• [Problem] From the entries, copy every line that carries the string "sequentially".
####################
(* Let $(l_n)_{n\ge 1}$, $(r_n)_{n\ge 1}$ be real numbers with $l_n,r_n>0$ and $l_n+r_n=1$, let $k\ge 1$ be an integer, and let $(X_m)_{m\ge 0}$ be the birth-death chain with these probabilities and $X_0=k$; let $T_\Delta$ be its first hitting time of $0$, and assume $P(T_\Delta<\infty)=1$. Let $t_0=1$, $t_n=\frac{l_1\cdots l_n}{r_1\cdots r_n}$ for $n\ge1$, and $x_n=\sum_{i=0}^{n-1}t_i$. For a random time $T$ and $n\ge 1$, let $G_T^n$ denote the number of times $m\in\{0,\dots,T-1\}$ with $X_m=n$. Let $(T_m)_{m\ge1}$ be a non-decreasing sequence of stopping times with $E[T_m]<\infty$ and $T_m\to T_\Delta$ almost surely. Then for every $n\ge 1$, $$E[G_{T_\Delta}^n]=\lim_{m\to\infty}E[G_{T_m}^n]=\frac{\min(x_n,x_k)}{t_{n-1}l_n}.$$
   Context: The birth-death chain: $(X_m)$ is a Markov chain on the nonnegative integers which from a state $n\ge 1$ moves to $n+1$ with probability $r_n$ and to $n-1$ with probability $l_n$, and for which $0$ is absorbing. Stopping times are with respect to the natural filtration of $(X_m)$. *)

theory Defs
  imports "HOL-Probability.Probability"
begin

definition bd_trans :: "(nat \<Rightarrow> real) \<Rightarrow> (nat \<Rightarrow> real) \<Rightarrow> nat \<Rightarrow> nat \<Rightarrow> real" where
  "bd_trans l r i j =
     (if i = 0 then (if j = 0 then 1 else 0)
      else if j = Suc i then r i
      else if Suc j = i then l i
      else 0)"

definition is_bd_chain ::
  "'a measure \<Rightarrow> (nat \<Rightarrow> real) \<Rightarrow> (nat \<Rightarrow> real) \<Rightarrow> nat \<Rightarrow> (nat \<Rightarrow> 'a \<Rightarrow> nat) \<Rightarrow> bool" where
  "is_bd_chain M l r k X \<longleftrightarrow>
     (\<forall>m. X m \<in> measurable M (count_space UNIV)) \<and>
     measure M {\<omega> \<in> space M. X 0 \<omega> = k} = 1 \<and>
     (\<forall>m (s :: nat \<Rightarrow> nat) j.
        measure M {\<omega> \<in> space M. (\<forall>i\<le>m. X i \<omega> = s i) \<and> X (Suc m) \<omega> = j}
        = measure M {\<omega> \<in> space M. \<forall>i\<le>m. X i \<omega> = s i} * bd_trans l r (s m) j)"

definition nat_stopping_time :: "'a measure \<Rightarrow> (nat \<Rightarrow> 'a \<Rightarrow> nat) \<Rightarrow> ('a \<Rightarrow> enat) \<Rightarrow> bool" where
  "nat_stopping_time M X T \<longleftrightarrow>
     (\<forall>m::nat. {\<omega> \<in> space M. T \<omega> = enat m} \<in>
        sigma_sets (space M) {{\<omega> \<in> space M. X i \<omega> = s} | i s. i \<le> m})"

definition hit0 :: "(nat \<Rightarrow> 'a \<Rightarrow> nat) \<Rightarrow> 'a \<Rightarrow> enat" where
  "hit0 X \<omega> = (if \<exists>m. X m \<omega> = 0 then enat (LEAST m. X m \<omega> = 0) else \<infinity>)"

definition visits :: "(nat \<Rightarrow> 'a \<Rightarrow> nat) \<Rightarrow> ('a \<Rightarrow> enat) \<Rightarrow> nat \<Rightarrow> 'a \<Rightarrow> ennreal" where
  "visits X T n \<omega> = (\<Sum>m. if enat m < T \<omega> \<and> X m \<omega> = n then 1 else 0)"

definition bd_t :: "(nat \<Rightarrow> real) \<Rightarrow> (nat \<Rightarrow> real) \<Rightarrow> nat \<Rightarrow> real" where
  "bd_t l r n = (\<Prod>i\<in>{1..n}. l i) / (\<Prod>i\<in>{1..n}. r i)"

definition bd_x :: "(nat \<Rightarrow> real) \<Rightarrow> (nat \<Rightarrow> real) \<Rightarrow> nat \<Rightarrow> real" where
  "bd_x l r n = (\<Sum>i<n. bd_t l r i)"

end

theory Submission
  imports Defs
begin

text \<open>
  Let \<open>occ m j\<close> be the probability that the chain has not hit \<open>0\<close> by time \<open>m\<close> and sits at \<open>j\<close>,
  and \<open>tail m n\<close> the probability that it has not hit \<open>0\<close> by time \<open>m\<close> and sits at or above \<open>n\<close>.
  From \<open>m\<close> to \<open>m+1\<close> the mass at or above \<open>n\<close> changes only by the flux across the edge
  \<open>{n-1, n}\<close>: \<open>tail (m+1) n = tail m n - l\<^sub>n occ m n + r\<^sub>n\<^sub>-\<^sub>1 occ m (n-1)\<close>. Summing over \<open>m\<close>,
  with \<open>tail 0 n = [n \<le> k]\<close> and \<open>tail m n \<rightarrow> 0\<close> (absorption is almost sure), the expected numbers
  of visits \<open>g n = \<Sum>\<^sub>m occ m n\<close> satisfy \<open>l\<^sub>n g n = [n \<le> k] + r\<^sub>n\<^sub>-\<^sub>1 g (n-1)\<close>, a recursion solved
  by the closed form. Along almost every path the increasing \<open>T\<^sub>m\<close> eventually equal the finite
  \<open>T\<^sub>\<Delta>\<close>, so monotone convergence gives the limit.
\<close>

lemma tendsto_enat_eventually_eq:
  assumes "f \<longlonglongrightarrow> enat n"
  shows "eventually (\<lambda>m. f m = enat n) sequentially"
  using topological_tendstoD[OF assms open_enat] by simp

lemma visits_mono: "(\<And>\<omega>. T \<omega> \<le> T' \<omega>) \<Longrightarrow> visits X T n \<omega> \<le> visits X T' n \<omega>"
  unfolding visits_def by (intro suminf_le summableI) (auto intro: less_le_trans)

lemma enat_less_hit0_iff: "enat m < hit0 X \<omega> \<longleftrightarrow> (\<forall>i\<le>m. X i \<omega> \<noteq> 0)"
proof (cases "\<exists>j. X j \<omega> = 0")
  case True
  then have "X (LEAST j. X j \<omega> = 0) \<omega> = 0" by (rule LeastI_ex)
  then have "m < (LEAST j. X j \<omega> = 0) \<longleftrightarrow> (\<forall>i\<le>m. X i \<omega> \<noteq> 0)"
    by (meson leI le_less_trans not_less_Least)
  with True show ?thesis unfolding hit0_def by simp
next
  case False
  then have "hit0 X \<omega> = \<infinity>" unfolding hit0_def by simp
  with False show ?thesis by simp
qed

lemma nn_integral_visits:
  assumes "\<And>m. {\<omega>\<in>space M. enat m < T \<omega> \<and> X m \<omega> = n} \<in> sets M"
  shows "(\<integral>\<^sup>+ \<omega>. visits X T n \<omega> \<partial>M) = (\<Sum>m. emeasure M {\<omega>\<in>space M. enat m < T \<omega> \<and> X m \<omega> = n})"
proof -
  have "(\<integral>\<^sup>+ \<omega>. visits X T n \<omega> \<partial>M)
      = (\<integral>\<^sup>+ \<omega>. (\<Sum>m. indicator {\<omega>\<in>space M. enat m < T \<omega> \<and> X m \<omega> = n} \<omega>) \<partial>M)"
    unfolding visits_def by (intro nn_integral_cong suminf_cong) (auto simp: indicator_def)
  also have "\<dots> = (\<Sum>m. emeasure M {\<omega>\<in>space M. enat m < T \<omega> \<and> X m \<omega> = n})"
    using assms by (subst nn_integral_suminf) auto
  finally show ?thesis .
qed

lemma nat_stopping_time_less_sets:
  assumes X: "\<And>i. X i \<in> measurable M (count_space UNIV)"
    and T: "nat_stopping_time M X T"
  shows "{\<omega>\<in>space M. enat j < T \<omega>} \<in> sets M"
proof -
  have T_eq: "{\<omega>\<in>space M. T \<omega> = enat i} \<in> sets M" for i
  proof -
    have "{{\<omega> \<in> space M. X i' \<omega> = s} | i' s. i' \<le> i} \<subseteq> sets M"
      using X by auto
    then have "sigma_sets (space M) {{\<omega> \<in> space M. X i' \<omega> = s} | i' s. i' \<le> i} \<subseteq> sets M"
      by (rule sets.sigma_sets_subset)
    then show ?thesis using T unfolding nat_stopping_time_def by blast
  qed
  have "{\<omega>\<in>space M. enat j < T \<omega>} = space M - (\<Union>i\<in>{..j}. {\<omega>\<in>space M. T \<omega> = enat i})"
  proof (intro set_eqI iffI)
    fix \<omega> assume "\<omega> \<in> space M - (\<Union>i\<in>{..j}. {\<omega>\<in>space M. T \<omega> = enat i})"
    then show "\<omega> \<in> {\<omega>\<in>space M. enat j < T \<omega>}" by (cases "T \<omega>") (auto simp: not_less)
  qed auto
  also have "\<dots> \<in> sets M" using T_eq by auto
  finally show ?thesis .
qed

lemma nn_integral_visits_stopping_tendsto:
  assumes X: "\<And>i. X i \<in> measurable M (count_space UNIV)"
    and T: "\<And>m. nat_stopping_time M X (T m)"
    and mono: "\<And>m \<omega>. T m \<omega> \<le> T (Suc m) \<omega>"
    and finite: "AE \<omega> in M. \<tau> \<omega> < \<infinity>"
    and conv: "AE \<omega> in M. (\<lambda>m. T m \<omega>) \<longlonglongrightarrow> \<tau> \<omega>"
  shows "(\<lambda>m. \<integral>\<^sup>+ \<omega>. visits X (T m) n \<omega> \<partial>M) \<longlonglongrightarrow> (\<integral>\<^sup>+ \<omega>. visits X \<tau> n \<omega> \<partial>M)"
proof -
  define f where "f m = visits X (T m) n" for m
  have f_measurable: "f m \<in> borel_measurable M" for m
  proof -
    have [measurable]: "X j \<in> measurable M (count_space UNIV)"
      "{\<omega>\<in>space M. enat j < T m \<omega>} \<in> sets M" for j
      using X nat_stopping_time_less_sets[OF X T] by auto
    have "(\<lambda>\<omega>. \<Sum>j. indicator {\<omega>\<in>space M. enat j < T m \<omega> \<and> X j \<omega> = n} \<omega> :: ennreal)
        \<in> borel_measurable M"
      by measurable
    then show ?thesis
      unfolding f_def visits_def
      by (rule measurable_cong[THEN iffD1, rotated]) (auto intro!: suminf_cong simp: indicator_def)
  qed
  have inc: "incseq f"
    by (rule incseq_SucI) (auto simp: le_fun_def f_def intro!: visits_mono mono)
  have "(\<lambda>m. integral\<^sup>N M (f m)) \<longlonglongrightarrow> (SUP m. integral\<^sup>N M (f m))"
    using inc by (intro LIMSEQ_SUP) (auto simp: incseq_def le_fun_def intro!: nn_integral_mono)
  also have "(SUP m. integral\<^sup>N M (f m)) = (\<integral>\<^sup>+ \<omega>. (SUP m. f m \<omega>) \<partial>M)"
    by (rule nn_integral_monotone_convergence_SUP[OF inc f_measurable, symmetric])
  also have "\<dots> = (\<integral>\<^sup>+ \<omega>. visits X \<tau> n \<omega> \<partial>M)"
  proof (rule nn_integral_cong_AE)
    show "AE \<omega> in M. (SUP m. f m \<omega>) = visits X \<tau> n \<omega>"
      using finite conv
    proof eventually_elim
      case (elim \<omega>)
      then obtain H where H: "\<tau> \<omega> = enat H" by (cases "\<tau> \<omega>") auto
      have "eventually (\<lambda>m. T m \<omega> = \<tau> \<omega>) sequentially"
        using elim(2) unfolding H by (rule tendsto_enat_eventually_eq)
      then have "eventually (\<lambda>m. f m \<omega> = visits X \<tau> n \<omega>) sequentially"
        by eventually_elim (simp add: f_def visits_def)
      then have "(\<lambda>m. f m \<omega>) \<longlonglongrightarrow> visits X \<tau> n \<omega>" by (rule tendsto_eventually)
      moreover have "(\<lambda>m. f m \<omega>) \<longlonglongrightarrow> (SUP m. f m \<omega>)"
        using inc by (intro LIMSEQ_SUP) (auto simp: incseq_def le_fun_def)
      ultimately show ?case using LIMSEQ_unique by blast
    qed
  qed
  finally show ?thesis unfolding f_def .
qed
(* Let $\kappa\in\mathbb{K}$, let $(\mathfrak{g},[-,-]_\mathfrak{g},\alpha_\mathfrak{g})$ and $(\mathfrak{h},[-,-]_\mathfrak{h},\alpha_\mathfrak{h})$ be Hom-Lie algebras, $\rho$ an action of $\mathfrak{g}$ on $\mathfrak{h}$, and $\mathcal{A}:\mathfrak{h}\to\mathfrak{g}$ a $\kappa$-weighted $\mathcal{O}$-operator with respect to $\rho$. Then: (i) $(\mathfrak{h},[-,-],\star,\alpha_\mathfrak{h})$ is a Hom-post-Lie algebra, where $[u,v]=\kappa[u,v]_\mathfrak{h}$ and $u\star v=\rho(\mathcal{A}u)v$; (ii) $(\mathfrak{h},[-,-]_\mathcal{A},\alpha_\mathfrak{h})$ is a Hom-Lie algebra, where $[u,v]_\mathcal{A}=\rho(\mathcal{A}u)v-\rho(\mathcal{A}v)u+\kappa[u,v]_\mathfrak{h}$, and $\mathcal{A}$ is a Hom-Lie algebra homomorphism from $(\mathfrak{h},[-,-]_\mathcal{A},\alpha_\mathfrak{h})$ to $(\mathfrak{g},[-,-]_\mathfrak{g},\alpha_\mathfrak{g})$; (iii) the map $\mathrm{ad}:\mathfrak{h}\to\mathrm{End}(\mathfrak{h})$, $\mathrm{ad}(u)v=u\star v=\rho(\mathcal{A}u)v$, is an action of the Hom-Lie algebra $(\mathfrak{h},[-,-]_\mathcal{A},\alpha_\mathfrak{h})$ on the Hom-Lie algebra $(\mathfrak{h},[-,-]_\mathfrak{h},\alpha_\mathfrak{h})$.
   Context: All vector spaces are over a field $\mathbb{K}$ of characteristic zero. A Hom-Lie algebra $(\mathfrak{g},[-,-]_\mathfrak{g},\alpha_\mathfrak{g})$ is a vector space with a skew-symmetric bilinear bracket and a linear map $\alpha_\mathfrak{g}$ with $\alpha_\mathfrak{g}([x,y]_\mathfrak{g})=[\alpha_\mathfrak{g}(x),\alpha_\mathfrak{g}(y)]_\mathfrak{g}$ satisfying $[\alpha_\mathfrak{g}(x),[y,z]_\mathfrak{g}]_\mathfrak{g}+[\alpha_\mathfrak{g}(y),[z,x]_\mathfrak{g}]_\mathfrak{g}+[\alpha_\mathfrak{g}(z),[x,y]_\mathfrak{g}]_\mathfrak{g}=0$. A homomorphism $\varphi$ of Hom-Lie algebras satisfies $\varphi\circ\alpha_1=\alpha_2\circ\varphi$ and $\varphi([x,y]_1)=[\varphi x,\varphi y]_2$. A representation of a Hom-Lie algebra $\mathfrak{g}$ on $(\mathfrak{h},\alpha_\mathfrak{h})$ ($\mathfrak{h}$ a vector space, $\alpha_\mathfrak{h}$ linear) is a linear map $\rho:\mathfrak{g}\to\mathrm{End}(\mathfrak{h})$ with $\rho(\alpha_\mathfrak{g}(x))\circ\alpha_\mathfrak{h}=\alpha_\mathfrak{h}\circ\rho(x)$ and $\rho([x,y]_\mathfrak{g})\circ\alpha_\mathfrak{h}=\rho(\alpha_\mathfrak{g}(x))\circ\rho(y)-\rho(\alpha_\mathfrak{g}(y))\circ\rho(x)$. An action of $\mathfrak{g}$ on a Hom-Lie algebra $(\mathfrak{h},[-,-]_\mathfrak{h},\alpha_\mathfrak{h})$ is a representation $\rho$ on $(\mathfrak{h},\alpha_\mathfrak{h})$ such that for all $x\in\mathfrak{g}$, $u,v\in\mathfrak{h}$: $\rho(\alpha_\mathfrak{g}(x))[u,v]_\mathfrak{h}=[\rho(x)u,\alpha_\mathfrak{h}(v)]_\mathfrak{h}+[\alpha_\mathfrak{h}(u),\rho(x)v]_\mathfrak{h}$ and $[\rho(x)u,\alpha_\mathfrak{h}(v)]_\mathfrak{h}=0$. A $\kappa$-weighted $\mathcal{O}$-operator from $\mathfrak{h}$ to $\mathfrak{g}$ with respect to an action $\rho$ is a linear map $\mathcal{A}:\mathfrak{h}\to\mathfrak{g}$ with $\mathcal{A}\circ\alpha_\mathfrak{h}=\alpha_\mathfrak{g}\circ\mathcal{A}$ and $[\mathcal{A}u,\mathcal{A}v]_\mathfrak{g}=\mathcal{A}(\rho(\mathcal{A}u)v-\rho(\mathcal{A}v)u+\kappa[u,v]_\mathfrak{h})$ for all $u,v\in\mathfrak{h}$. A Hom-post-Lie algebra $(\mathfrak{h},[-,-],\star,\alpha_\mathfrak{h})$ is a Hom-Lie algebra $(\mathfrak{h},[-,-],\alpha_\mathfrak{h})$ with a bilinear map $\star$ such that $\alpha_\mathfrak{h}(u\star v)=\alpha_\mathfrak{h}(u)\star\alpha_\mathfrak{h}(v)$ and for all $u,v,w$: $\alpha_\mathfrak{h}(u)\star[v,w]=[u\star v,\alpha_\mathfrak{h}(w)]+[\alpha_\mathfrak{h}(v),u\star w]$; $([u,v]+u\star v-v\star u)\star\alpha_\mathfrak{h}(w)=\alpha_\mathfrak{h}(u)\star(v\star w)-\alpha_\mathfrak{h}(v)\star(u\star w)$; $\alpha_\mathfrak{h}(u)\star[v,w]=[u\star v,\alpha_\mathfrak{h}(w)]=0$. *)

theory Defs
  imports Complex_Main
begin

definition bilinear_map ::
  "('k::field \<Rightarrow> 'a::ab_group_add \<Rightarrow> 'a) \<Rightarrow> ('k \<Rightarrow> 'b::ab_group_add \<Rightarrow> 'b) \<Rightarrow>
   ('k \<Rightarrow> 'c::ab_group_add \<Rightarrow> 'c) \<Rightarrow> ('a \<Rightarrow> 'b \<Rightarrow> 'c) \<Rightarrow> bool" where
  "bilinear_map s1 s2 s3 f \<longleftrightarrow>
     (\<forall>y. Vector_Spaces.linear s1 s3 (\<lambda>x. f x y)) \<and>
     (\<forall>x. Vector_Spaces.linear s2 s3 (\<lambda>y. f x y))"

definition hom_lie_algebra ::
  "('k::field \<Rightarrow> 'g::ab_group_add \<Rightarrow> 'g) \<Rightarrow> ('g \<Rightarrow> 'g \<Rightarrow> 'g) \<Rightarrow> ('g \<Rightarrow> 'g) \<Rightarrow> bool" where
  "hom_lie_algebra sc br al \<longleftrightarrow>
     vector_space sc \<and>
     bilinear_map sc sc sc br \<and>
     Vector_Spaces.linear sc sc al \<and>
     (\<forall>x y. br x y = - br y x) \<and>
     (\<forall>x y. al (br x y) = br (al x) (al y)) \<and>
     (\<forall>x y z. br (al x) (br y z) + br (al y) (br z x) + br (al z) (br x y) = 0)"

definition hom_lie_hom ::
  "('k::field \<Rightarrow> 'g::ab_group_add \<Rightarrow> 'g) \<Rightarrow> ('g \<Rightarrow> 'g \<Rightarrow> 'g) \<Rightarrow> ('g \<Rightarrow> 'g) \<Rightarrow>
   ('k \<Rightarrow> 'h::ab_group_add \<Rightarrow> 'h) \<Rightarrow> ('h \<Rightarrow> 'h \<Rightarrow> 'h) \<Rightarrow> ('h \<Rightarrow> 'h) \<Rightarrow>
   ('g \<Rightarrow> 'h) \<Rightarrow> bool" where
  "hom_lie_hom s1 br1 al1 s2 br2 al2 \<phi> \<longleftrightarrow>
     Vector_Spaces.linear s1 s2 \<phi> \<and>
     (\<forall>x. \<phi> (al1 x) = al2 (\<phi> x)) \<and>
     (\<forall>x y. \<phi> (br1 x y) = br2 (\<phi> x) (\<phi> y))"

definition hom_lie_rep ::
  "('k::field \<Rightarrow> 'g::ab_group_add \<Rightarrow> 'g) \<Rightarrow> ('g \<Rightarrow> 'g \<Rightarrow> 'g) \<Rightarrow> ('g \<Rightarrow> 'g) \<Rightarrow>
   ('k \<Rightarrow> 'h::ab_group_add \<Rightarrow> 'h) \<Rightarrow> ('h \<Rightarrow> 'h) \<Rightarrow> ('g \<Rightarrow> 'h \<Rightarrow> 'h) \<Rightarrow> bool" where
  "hom_lie_rep sg brg alg sh alh \<rho> \<longleftrightarrow>
     vector_space sh \<and>
     Vector_Spaces.linear sh sh alh \<and>
     (\<forall>x. Vector_Spaces.linear sh sh (\<rho> x)) \<and>
     (\<forall>v. Vector_Spaces.linear sg sh (\<lambda>x. \<rho> x v)) \<and>
     (\<forall>x v. \<rho> (alg x) (alh v) = alh (\<rho> x v)) \<and>
     (\<forall>x y v. \<rho> (brg x y) (alh v) = \<rho> (alg x) (\<rho> y v) - \<rho> (alg y) (\<rho> x v))"

definition hom_lie_action ::
  "('k::field \<Rightarrow> 'g::ab_group_add \<Rightarrow> 'g) \<Rightarrow> ('g \<Rightarrow> 'g \<Rightarrow> 'g) \<Rightarrow> ('g \<Rightarrow> 'g) \<Rightarrow>
   ('k \<Rightarrow> 'h::ab_group_add \<Rightarrow> 'h) \<Rightarrow> ('h \<Rightarrow> 'h \<Rightarrow> 'h) \<Rightarrow> ('h \<Rightarrow> 'h) \<Rightarrow>
   ('g \<Rightarrow> 'h \<Rightarrow> 'h) \<Rightarrow> bool" where
  "hom_lie_action sg brg alg sh brh alh \<rho> \<longleftrightarrow>
     hom_lie_rep sg brg alg sh alh \<rho> \<and>
     (\<forall>x u v. \<rho> (alg x) (brh u v) = brh (\<rho> x u) (alh v) + brh (alh u) (\<rho> x v)) \<and>
     (\<forall>x u v. brh (\<rho> x u) (alh v) = 0)"

definition weighted_O_operator ::
  "'k \<Rightarrow> ('k::field \<Rightarrow> 'g::ab_group_add \<Rightarrow> 'g) \<Rightarrow> ('g \<Rightarrow> 'g \<Rightarrow> 'g) \<Rightarrow> ('g \<Rightarrow> 'g) \<Rightarrow>
   ('k \<Rightarrow> 'h::ab_group_add \<Rightarrow> 'h) \<Rightarrow> ('h \<Rightarrow> 'h \<Rightarrow> 'h) \<Rightarrow> ('h \<Rightarrow> 'h) \<Rightarrow>
   ('g \<Rightarrow> 'h \<Rightarrow> 'h) \<Rightarrow> ('h \<Rightarrow> 'g) \<Rightarrow> bool" where
  "weighted_O_operator \<kappa> sg brg alg sh brh alh \<rho> A \<longleftrightarrow>
     Vector_Spaces.linear sh sg A \<and>
     (\<forall>u. A (alh u) = alg (A u)) \<and>
     (\<forall>u v. brg (A u) (A v) = A (\<rho> (A u) v - \<rho> (A v) u + sh \<kappa> (brh u v)))"

definition hom_post_lie_algebra ::
  "('k::field \<Rightarrow> 'h::ab_group_add \<Rightarrow> 'h) \<Rightarrow> ('h \<Rightarrow> 'h \<Rightarrow> 'h) \<Rightarrow> ('h \<Rightarrow> 'h \<Rightarrow> 'h) \<Rightarrow>
   ('h \<Rightarrow> 'h) \<Rightarrow> bool" where
  "hom_post_lie_algebra sh br st al \<longleftrightarrow>
     hom_lie_algebra sh br al \<and>
     bilinear_map sh sh sh st \<and>
     (\<forall>u v. al (st u v) = st (al u) (al v)) \<and>
     (\<forall>u v w. st (al u) (br v w) = br (st u v) (al w) + br (al v) (st u w)) \<and>
     (\<forall>u v w. st (br u v + st u v - st v u) (al w) = st (al u) (st v w) - st (al v) (st u w)) \<and>
     (\<forall>u v w. st (al u) (br v w) = br (st u v) (al w) \<and> br (st u v) (al w) = 0)"

end

(* An action annihilates brackets of h: rho(alg x) [u,v] = 0 and [rho x u, alh v] = 0. Hence
   both derivation axioms for u * v = rho (A u) v hold with both sides zero, and the remaining
   post-Lie axiom is the representation identity applied to [A u, A v] = A [u,v]_A.
   Any Hom-post-Lie algebra has the subadjacent Hom-Lie bracket u * v - v * u + [u,v], which is
   [-,-]_A; the O-operator identity makes A a homomorphism for it, and pulling rho back along
   this homomorphism gives the action of (iii). *)

theory Submission
  imports Defs
begin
####################
• [Solution for this exercise]
  shows "eventually (\<lambda>m. f m = enat n) sequentially"
      have "eventually (\<lambda>m. T m \<omega> = \<tau> \<omega>) sequentially"
      then have "eventually (\<lambda>m. f m \<omega> = visits X \<tau> n \<omega>) sequentially"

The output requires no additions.